Emerging growth company x
If an emerging growth company, indicate by check mark if the registrant has elected not to use the extended transition period for complying with any new or revised financial accounting standards provided pursuant to Section 13(a) of the Exchange Act. o
Item 1.01. Entry into a Material Definitive Agreement.
Merger Agreement
On May 7, 2026, Cycurion, Inc., a Delaware corporation (“Parent”), entered into an Agreement and Plan of Merger (the “Merger Agreement”) with Cycurion Merger Sub-Halo, Inc. (“Merger Sub-Halo”), Cycurion Merger Sub-havenX, Inc. (“Merger Sub-havenX”), Halo Privacy, Inc., a Delaware corporation (“Halo”), havenX, Inc., a Wyoming corporation (“havenX”), and Shareholder Representative Services LLC, solely in its capacity as the Company Group Equityholder Representative (the “Equityholder Representative”).
The Mergers
Pursuant to the Merger Agreement, (i) Merger Sub-Halo will merge with and into Halo, with Halo surviving as a wholly owned subsidiary of Parent, and (ii) Merger Sub-havenX will merge with and into havenX, with havenX surviving as a wholly owned subsidiary of Parent (collectively, the “Mergers”).
At the effective time of the Mergers (the “Effective Time”), each outstanding share of capital stock of Halo and havenX (other than certain excluded shares and dissenting shares) will be automatically converted into the right to receive a portion of the consideration described below, in accordance with the terms of the Merger Agreement and subject to its conditions.
Merger Consideration
The aggregate consideration payable in connection with the Mergers (the “Aggregate Consideration”) consists of a combination of (i) cash, (ii) shares of Parent common stock, and (iii) contingent and deferred consideration payable following the Closing, in each case as determined in accordance with the terms of the Merger Agreement.

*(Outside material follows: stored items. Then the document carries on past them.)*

(* Let $q\in\mathbb C_p$ with $|1-q|_p<p^{-1/(p-1)}$ ($p$ an odd prime). For $m\in\mathbb Z_+$ and $r\in\mathbb N$ with $m\le r$, $$\binom rm_q q^{\binom m2-rm}=\frac{1}{[m]_q!}\sum_{k=0}^mq^{-rm}S_1(m-1,k;q)(-1)^k[r]_q^{m-k}.$$
   Context: $[x]_q=\frac{1-q^x}{1-q}$; $[m]_q!=[m]_q\cdots[1]_q$, $[0]_q!=1$; $\binom rm_q=\frac{[r]_q!}{[m]_q![r-m]_q!}$. The $q$-Stirling numbers of the first kind are defined by $\prod_{k=1}^N(1+[k]_qz)=\sum_{k\ge0}S_1(N,k;q)z^k$ for $N\ge-1$ (empty product $=1$; $S_1(N,k;q)=0$ for $k>N$; in particular $S_1(-1,0;q)=1$). *)

theory Defs
  imports "HOL-Computational_Algebra.Polynomial"
begin

definition qint :: "'a::field \<Rightarrow> nat \<Rightarrow> 'a" where
  "qint q x = (if q = 1 then of_nat x else (1 - q ^ x) / (1 - q))"

definition qfact :: "'a::field \<Rightarrow> nat \<Rightarrow> 'a" where
  "qfact q m = (\<Prod>k\<in>{1..m}. qint q k)"

definition qbinom :: "'a::field \<Rightarrow> nat \<Rightarrow> nat \<Rightarrow> 'a" where
  "qbinom q r m = qfact q r / (qfact q m * qfact q (r - m))"

definition qstirling1 :: "'a::field \<Rightarrow> nat \<Rightarrow> nat \<Rightarrow> 'a" where
  "qstirling1 q N k = coeff (\<Prod>i\<in>{1..N}. [:1, qint q i:]) k"

end

theory Submission
  imports Defs
begin

text \<open>
  The polynomial \<open>\<Prod>i<m. (1 + [i]\<^sub>q z)\<close> has the q-Stirling numbers \<open>S\<^sub>1(m-1,k;q)\<close> as
  coefficients (the factor \<open>i = 0\<close> is \<open>1\<close>), and the alternating sum in the theorem is
  its reversal evaluated at \<open>x = [r]\<^sub>q\<close>, i.e. \<open>\<Prod>i<m. ([r]\<^sub>q - [i]\<^sub>q)\<close>. Since
  \<open>[r]\<^sub>q - [i]\<^sub>q = q\<^sup>i [r-i]\<^sub>q\<close>, this product is \<open>q\<^bsup>m choose 2\<^esup> [r]\<^sub>q!/[r-m]\<^sub>q!\<close>, and dividing
  by \<open>[m]\<^sub>q!\<close> gives the q-binomial coefficient.
\<close>

lemma reversed_sum_coeff_mult_linear:
  fixes p :: "'a::field poly"
  assumes "degree p \<le> n"
  shows "(\<Sum>k\<le>Suc n. coeff (p * [:1, a:]) k * (-1)^k * x^(Suc n - k))
       = (x - a) * (\<Sum>k\<le>n. coeff p k * (-1)^k * x^(n - k))"
proof -
  have split: "p * [:1, a:] = p + pCons 0 (smult a p)"
    by (simp add: mult_pCons_right)
  have "coeff p (Suc n) = 0"
    using assms by (simp add: coeff_eq_0)
  then have from_p: "(\<Sum>k\<le>Suc n. coeff p k * (-1)^k * x^(Suc n - k))
      = x * (\<Sum>k\<le>n. coeff p k * (-1)^k * x^(n - k))"
    by (simp add: sum_distrib_left Suc_diff_le algebra_simps)
  have from_shift: "(\<Sum>k\<le>Suc n. coeff (pCons 0 (smult a p)) k * (-1)^k * x^(Suc n - k))
      = - a * (\<Sum>k\<le>n. coeff p k * (-1)^k * x^(n - k))"
    by (subst sum.atMost_Suc_shift) (simp add: sum_distrib_left algebra_simps)
  show ?thesis
    unfolding split coeff_add distrib_right sum.distrib from_p from_shift
    by (simp add: algebra_simps)
qed

lemma reversed_sum_coeff_prod_linear:
  fixes a :: "'b \<Rightarrow> 'a::field"
  assumes "finite A"
  shows "(\<Sum>k\<le>card A. coeff (\<Prod>i\<in>A. [:1, a i:]) k * (-1)^k * x^(card A - k))
       = (\<Prod>i\<in>A. x - a i)"
  using assms
proof (induction A rule: finite_induct)
  case empty
  then show ?case by simp
next
  case (insert j A)
  have "degree (\<Prod>i\<in>A. [:1, a i:]) \<le> (\<Sum>i\<in>A. degree [:1, a i:])"
    using degree_prod_sum_le[OF insert.hyps(1)] unfolding comp_def .
  also have "\<dots> \<le> card A"
    using sum_mono[of A "\<lambda>i. degree [:1, a i:]" "\<lambda>_. 1"] by simp
  finally have "degree (\<Prod>i\<in>A. [:1, a i:]) \<le> card A" .
  from reversed_sum_coeff_mult_linear[OF this, of "a j" x]
  show ?case
    using insert by (simp add: mult.commute)
qed

lemma qint_0 [simp]: "qint q 0 = 0"
  by (simp add: qint_def)

lemma qstirling1_eq_coeff_prod:
  "qstirling1 q (m - 1) k = coeff (\<Prod>i<m. [:1, qint q i:]) k"
proof (cases m)
  case (Suc n)
  have "{..<m} = insert 0 {1..n}"
    using Suc by auto
  then have prod_eq: "(\<Prod>i<m. [:1, qint q i:]) = (\<Prod>i\<in>{1..n}. [:1, qint q i:])"
    by simp
  show ?thesis
    unfolding qstirling1_def prod_eq using Suc by simp
qed (simp add: qstirling1_def)

lemma reversed_sum_qstirling1:
  "(\<Sum>k=0..m. qstirling1 q (m - 1) k * (-1)^k * x^(m - k)) = (\<Prod>i<m. x - qint q i)"
  unfolding qstirling1_eq_coeff_prod atLeast0AtMost
  using reversed_sum_coeff_prod_linear[of "{..<m}" "qint q" x] by simp

lemma qint_diff:
  fixes q :: "'a::field"
  assumes "i \<le> r"
  shows "qint q r - qint q i = q^i * qint q (r - i)"
proof (cases "q = 1")
  case True
  then show ?thesis using assms by (simp add: qint_def of_nat_diff)
next
  case False
  have "q^r = q^i * q^(r - i)"
    using assms by (simp flip: power_add)
  then have "(1 - q^r) - (1 - q^i) = q^i * (1 - q^(r - i))"
    by (simp add: algebra_simps)
  moreover have "qint q r - qint q i = ((1 - q^r) - (1 - q^i)) / (1 - q)"
    using False by (simp add: qint_def diff_divide_distrib)
  ultimately show ?thesis
    using False by (simp add: qint_def)
qed

lemma prod_qint_diff:
  fixes q :: "'a::field"
  assumes "m \<le> r"
  shows "(\<Prod>i<m. qint q r - qint q i) = q^(m choose 2) * (\<Prod>i<m. qint q (r - i))"
  using assms
proof (induction m)
  case 0
  then show ?case by (simp add: numeral_2_eq_2)
next
  case (Suc m)
  have "Suc m choose 2 = m + (m choose 2)"
    by (simp add: numeral_2_eq_2)
  then show ?case
    using Suc qint_diff[of m r q] by (simp add: power_add algebra_simps)
qed

lemma qfact_eq_prod_times_qfact:
  assumes "m \<le> r"
  shows "qfact q r = (\<Prod>i<m. qint q (r - i)) * qfact q (r - m)"
  using assms
proof (induction m)
  case 0
  then show ?case by simp
next
  case (Suc m)
  then have "r - m = Suc (r - Suc m)" by simp
  then have "qfact q (r - m) = qint q (r - m) * qfact q (r - Suc m)"
    by (simp add: qfact_def prod.cl_ivl_Suc mult.commute)
  with Suc show ?case by (simp add: algebra_simps)
qed

lemma qfact_nonzero:
  fixes q :: "'a::field_char_0"
  assumes "\<forall>k::nat. 0 < k \<longrightarrow> q ^ k = 1 \<longrightarrow> q = 1"
  shows "qfact q n \<noteq> 0"
  using assms by (auto simp: qfact_def qint_def)

lemma choose_two_less_mult:
  assumes "1 \<le> m" and "m \<le> r"
  shows "m choose 2 < r * m"
proof -
  have "m choose 2 \<le> m * (m - 1)" by (simp add: choose_two)
  also have "\<dots> < m * m" using assms(1) by simp
  also have "\<dots> \<le> r * m" using assms(2) by simp
  finally show ?thesis .
qed

theorem mainTheorem13:
  fixes q :: "'a::field_char_0" and m r :: nat
  assumes q_not_root_of_unity: "\<forall>k::nat. 0 < k \<longrightarrow> q ^ k = 1 \<longrightarrow> q = 1"
    and "1 \<le> m" and "m \<le> r"
  shows "qbinom q r m * q powi (int (m choose 2) - int r * int m) =
    (1 / qfact q m) * (\<Sum>k=0..m. q powi (- (int r * int m)) * qstirling1 q (m - 1) k
        * (-1) ^ k * qint q r ^ (m - k))"
proof (cases "q = 0")
  case True
  \<comment> \<open>Both sides vanish: both exponents are negative and \<open>0 powi k = 0\<close> for \<open>k \<noteq> 0\<close>.\<close>
  have "int (m choose 2) < int r * int m"
    using choose_two_less_mult[OF assms(2,3)] by (simp flip: of_nat_mult)
  then show ?thesis
    using True assms(2,3) by (simp add: power_int_0_left_if)
next
  case False
  define falling where "falling = (\<Prod>i<m. qint q (r - i))"
  define scale where "scale = q powi (- (int r * int m))"
  have "(\<Sum>k=0..m. scale * qstirling1 q (m - 1) k * (-1)^k * qint q r^(m - k))
      = scale * (\<Sum>k=0..m. qstirling1 q (m - 1) k * (-1)^k * qint q r^(m - k))"
    by (simp add: sum_distrib_left mult.assoc)
  also have "\<dots> = scale * (q^(m choose 2) * falling)"
    unfolding reversed_sum_qstirling1 prod_qint_diff[OF assms(3)] falling_def ..
  finally have sum_eq: "(\<Sum>k=0..m. scale * qstirling1 q (m - 1) k * (-1)^k * qint q r^(m - k))
      = scale * (q^(m choose 2) * falling)" .
  have qfact_eq: "qfact q r = falling * qfact q (r - m)"
    unfolding falling_def by (rule qfact_eq_prod_times_qfact[OF assms(3)])
  have power_eq: "q powi (int (m choose 2) - int r * int m) = q^(m choose 2) * scale"
    using False by (simp add: scale_def power_int_diff power_int_minus field_simps)
  have "qfact q m \<noteq> 0" "qfact q (r - m) \<noteq> 0"
    using qfact_nonzero[OF q_not_root_of_unity] by auto
  then show ?thesis
    unfolding sum_eq[unfolded scale_def] power_eq[unfolded scale_def] qbinom_def qfact_eq
    by (simp add: field_simps)
qed

end
(* Let $q$ be a prime power, let $n\ge 5$, let $a$ be the smallest prime divisor of $n$, let $d$ be an integer with $2\le d<n-(n/a)$, and let $\ell$ be a common prime divisor of $n$ and $d$. Then $$\binom{n/\ell}{d/\ell}_q\cdot\frac{|\mathrm{GL}(d/\ell,q^\ell)|}{|\mathrm{GL}(d,q)|}\cdot\frac{|\mathrm{GL}(n/\ell-d/\ell,q^\ell)|}{|\mathrm{GL}(n-d,q)|}\le q^{-(\ell-1)^2-3}.$$
   Context: $\binom{N}{K}_q=\prod_{i=0}^{K-1}\frac{q^{N-i}-1}{q^{K-i}-1}$ is the $q$-binomial coefficient, and $\mathrm{GL}(k,r)$ is the general linear group of $k\times k$ invertible matrices over $\mathbb{F}_r$. *)

theory Defs
  imports Complex_Main "HOL-Computational_Algebra.Primes"
begin

definition qbinom :: "nat \<Rightarrow> nat \<Rightarrow> real \<Rightarrow> real" where
  "qbinom N K q = (\<Prod>i<K. (q ^ (N - i) - 1) / (q ^ (K - i) - 1))"

definition GL_order :: "nat \<Rightarrow> nat \<Rightarrow> real" where
  "GL_order k r = (\<Prod>i<k. (real r ^ k - real r ^ i))"

definition prime_power :: "nat \<Rightarrow> bool" where
  "prime_power q \<longleftrightarrow> (\<exists>p k. prime p \<and> k \<ge> 1 \<and> q = p ^ k)"

end

theory Submission
  imports Defs
begin

(* Write n = l (D + E) and d = l D. The bounds r^(k(k-1)) <= |GL(k,r)| <= r^(k^2) and
  qbinom (D + E) D q <= q^((E+1) D) reduce the claim to an inequality between exponents, a
  polynomial inequality in l, D, E. It holds for l >= 3 unless D = E = 1, and for l = 2 when D < E
  unless (D, E) = (1, 2). The minimality of a is used only for even n: then a = 2, so 2 d < n and
  D < E, which excludes D = E = 1 and, for l = 2, D >= E. The remaining case n = 6, d = 2, l = 2 is
  computed exactly: the product equals q^-5 (q - 1)^-3. *)

lemma GL_order_pos:
  assumes "r \<ge> 2"
  shows "GL_order k r > 0"
  unfolding GL_order_def
proof (rule prod_pos)
  fix i assume "i \<in> {..<k}"
  with assms have "real r ^ i < real r ^ k" by (intro power_strict_increasing) auto
  then show "0 < real r ^ k - real r ^ i" by simp
qed

lemma GL_order_nonneg:
  assumes "r \<ge> 1"
  shows "GL_order k r \<ge> 0"
  unfolding GL_order_def using assms by (intro prod_nonneg) (auto simp: power_increasing)

lemma GL_order_le_power:
  assumes "r \<ge> 1"
  shows "GL_order k r \<le> real r ^ (k\<^sup>2)"
proof -
  have "GL_order k r \<le> (\<Prod>i<k. real r ^ k)"
    unfolding GL_order_def using assms by (intro prod_mono) (auto simp: power_increasing)
  also have "\<dots> = real r ^ (k\<^sup>2)" by (simp add: power2_eq_square power_mult)
  finally show ?thesis .
qed

lemma GL_order_ge_power:
  assumes "r \<ge> 2"
  shows "real r ^ (k * (k - 1)) \<le> GL_order k r"
proof -
  have "real r ^ (k - 1) \<le> real r ^ k - real r ^ i" if "i < k" for i
  proof -
    have "real r ^ i \<le> real r ^ (k - 1)" using assms that by (intro power_increasing) auto
    moreover have "real r ^ k = real r * real r ^ (k - 1)" using that by (simp flip: power_Suc)
    moreover have "2 * real r ^ (k - 1) \<le> real r * real r ^ (k - 1)" using assms by simp
    ultimately show ?thesis by linarith
  qed
  then have "(\<Prod>i<k. real r ^ (k - 1)) \<le> GL_order k r"
    unfolding GL_order_def by (intro prod_mono) auto
  then show ?thesis by (metis power_mult mult.commute card_lessThan prod_constant)
qed
(* Let $\mathcal{X},\mathcal{Y}$ be disjoint finite sets of Boolean variables, $alive\notin\mathcal{X}\cup\mathcal{Y}$ a fresh variable, $\psi_A$ an LTL formula over $\mathcal{X}\cup\mathcal{Y}$, $\phi$ an LTLf formula over $\mathcal{X}\cup\mathcal{Y}$, and $\psi=t(\phi)\wedge alive\wedge(alive\ U\ (G\neg alive))$. Then $\phi$ is realizable with respect to $\langle\mathcal{X},\mathcal{Y}\rangle$ under assumption $\psi_A$ if and only if the LTL formula $\psi_A\rightarrow\psi$ is realizable with respect to $\langle\mathcal{X},\mathcal{Y}\cup\{alive\}\rangle$.
   Context: LTLf formulas: $\phi ::= a \mid \neg\phi \mid \phi_1\wedge\phi_2 \mid X\phi \mid \phi_1 U\phi_2$ with the finite-trace semantics: $\rho,i\models X\phi$ iff $i+1<|\rho|$ and $\rho,i+1\models\phi$; $\rho,i\models\phi_1U\phi_2$ iff there is $j$ with $i\le j<|\rho|$, $\rho,j\models\phi_2$ and $\rho,k\models\phi_1$ for $i\le k<j$; atoms and Boolean connectives as usual; $\rho\models\phi$ iff $\rho,0\models\phi$. LTL: same syntax plus $F,G$, standard semantics over infinite traces. Translation $t$: $t(a)=a$; $t(\neg\phi_1)=\neg t(\phi_1)$; $t(\phi_1\wedge\phi_2)=t(\phi_1)\wedge t(\phi_2)$; $t(X\phi)=X(alive\wedge t(\phi))$; $t(\phi_1U\phi_2)=t(\phi_1)\,U\,(alive\wedge t(\phi_2))$. Realizability under assumption: $\phi$ is realizable with respect to $\langle\mathcal{X},\mathcal{Y}\rangle$ under assumption $\psi_A$ if there is $g:(2^{\mathcal{X}})^+\to 2^{\mathcal{Y}}$ such that for every $\lambda=X_0,X_1,\ldots\in(2^{\mathcal{X}})^\omega$, if the infinite trace $\rho=(X_0\cup g(X_0)),(X_1\cup g(X_0,X_1)),\ldots$ satisfies $\psi_A$, then there is $k\ge0$ with $\phi$ true in the finite prefix $(X_0\cup g(X_0)),\ldots,(X_k\cup g(X_0,\ldots,X_k))$. LTL realizability: an LTL formula $\Psi$ over $\mathcal{X}\cup\mathcal{Y}'$ ($\mathcal{X},\mathcal{Y}'$ disjoint) is realizable with respect to $\langle\mathcal{X},\mathcal{Y}'\rangle$ if there is $f:(2^{\mathcal{X}})^+\to 2^{\mathcal{Y}'}$ such that for every $\lambda=X_0,X_1,\ldots\in(2^{\mathcal{X}})^\omega$, $\Psi$ holds on the infinite trace $(X_0\cup f(X_0)),(X_1\cup f(X_0,X_1)),(X_2\cup f(X_0,X_1,X_2)),\ldots$. *)

theory Defs
  imports Main
begin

The Aggregate Consideration is subject to adjustment based on the Company Group’s cash, indebtedness, and transaction expenses at Closing, and may be further adjusted pursuant to post-closing true-up procedures and contingent payment mechanisms set forth in the Merger Agreement.
In addition to the Closing Consideration described below, the Aggregate Consideration includes the right of the former equityholders of Halo and havenX to receive certain future payments, including earnout payments, installment payments, and other contingent consideration based on the post-closing performance of the business and the achievement of specified milestones, in each case subject to the terms and conditions of the Merger Agreement.
Closing Consideration
At the closing of the Mergers (the “Closing”), Parent will pay or cause to be paid to the holders of Halo and havenX equity interests (the “Company Group Equityholders”) consideration consisting of the following:
•Closing Cash Consideration, consisting of an aggregate cash payment equal to $1.0 million, subject to customary adjustments for, among other things, the amount of cash, indebtedness, and transaction expenses of the Company Group as of the Closing, as determined in accordance with the Merger Agreement. Such amounts are subject to post-closing adjustment based on the final determination of such items in accordance with the procedures set forth in the Merger Agreement.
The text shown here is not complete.